This was Total Lyon, a realisation of the vision Michele Kang has spent millions creating
Melchie Dumornay is being swarmed, the Haiti forward smothered in a pile of limbs and gratitude. The final whistle is still 12 minutes from being blown, a meagre goal separating OL Lyonnes from Arsenal in a match that has been anything but straightforward. But it is a goal all of Dumornay’s making.
And even team-mates lose all sense of task, of time and space, when placed in such proximity to someone operating in a dimension all of their own. The goal that made it 3-1 to the French side in the second leg of the Women’s Champions League semi-final — and, crucially, won the tie — was a portrait of the game’s central protagonist: Dumornay in the 86th minute lifting a ball over the top of the Arsenal defence that perfectly found the run of Jule Brand, a pass that was a photocopy of the one Dumornay attempted 20 minutes earlier but that eluded Kadidiatou Diani by inches. No problem.

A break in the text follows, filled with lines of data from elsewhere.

lemma count_insertions_perm_exc:
  assumes \<sigma>: "\<sigma> permutes {1..n}"
  shows "(\<Sum>b\<in>insert (Suc n) {1..n}. if perm_exc (Suc n) (transpose (Suc n) b \<circ> \<sigma>) = k then 1 else 0)
    = (k + 1) * (if perm_exc n \<sigma> = k then 1 else 0)
      + (if 1 \<le> k then (n + 1 - k) * (if perm_exc n \<sigma> = k - 1 then 1 else 0) else 0)"
proof -
  let ?e = "perm_exc n \<sigma>"
  let ?ind = "\<lambda>P. if P then 1 else 0 :: nat"
  have "card {b\<in>{1..n}. \<not> inv \<sigma> b < b} = card ({1..n} - {b\<in>{1..n}. inv \<sigma> b < b})"
    by (rule arg_cong[where f=card]) auto
  also have "\<dots> = n - ?e"
    using card_inv_less_eq_perm_exc[OF \<sigma>] by (subst card_Diff_subset) auto
  finally have card_not_less: "card {b\<in>{1..n}. \<not> inv \<sigma> b < b} = n - ?e" .
  have "(\<Sum>b\<in>{1..n}. ?ind (perm_exc (Suc n) (transpose (Suc n) b \<circ> \<sigma>) = k))
      = (\<Sum>b\<in>{1..n}. if inv \<sigma> b < b then ?ind (?e = k) else ?ind (Suc ?e = k))"
    by (intro sum.cong refl) (simp add: perm_exc_insert[OF \<sigma>])
  also have "\<dots> = ?e * ?ind (?e = k) + (n - ?e) * ?ind (Suc ?e = k)"
    using card_inv_less_eq_perm_exc[OF \<sigma>] card_not_less by (simp add: sum.If_cases Int_def)
  finally have "(\<Sum>b\<in>insert (Suc n) {1..n}. ?ind (perm_exc (Suc n) (transpose (Suc n) b \<circ> \<sigma>) = k))
      = ?ind (?e = k) + (?e * ?ind (?e = k) + (n - ?e) * ?ind (Suc ?e = k))"
    by (simp add: perm_exc_Suc[OF \<sigma>])
  also have "\<dots> = (k + 1) * ?ind (?e = k) + (if 1 \<le> k then (n + 1 - k) * ?ind (?e = k - 1) else 0)"
    using perm_exc_le[of n \<sigma>] by (cases "?e = k"; cases "Suc ?e = k") auto
  finally show ?thesis .
qed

Reset. Retry. Eventually, Dumornay will come good.
Overturning a 2-1 first-leg deficit, Lyonnes deserved their victory. Their intensity, physicality and technical play were superior from the start, the type of performance expected from a superteam built loudly and with no expense spared by owner Michele Kang, who brought in France forward Marie-Antoinette Katoto and USWNT midfielder Lily Yohannes in the summer. And if there is a message to be taken from this semi-final victory, it is the ongoing reinstatement of Lyonnes at Europe’s top table.
The Champions League has historically been their playground, their eight titles an unrivalled point of pride, but the recent seasons have tested their pedigree. Lyonnes’ last Champions League triumph was in 2022. They had reached one final in three seasons.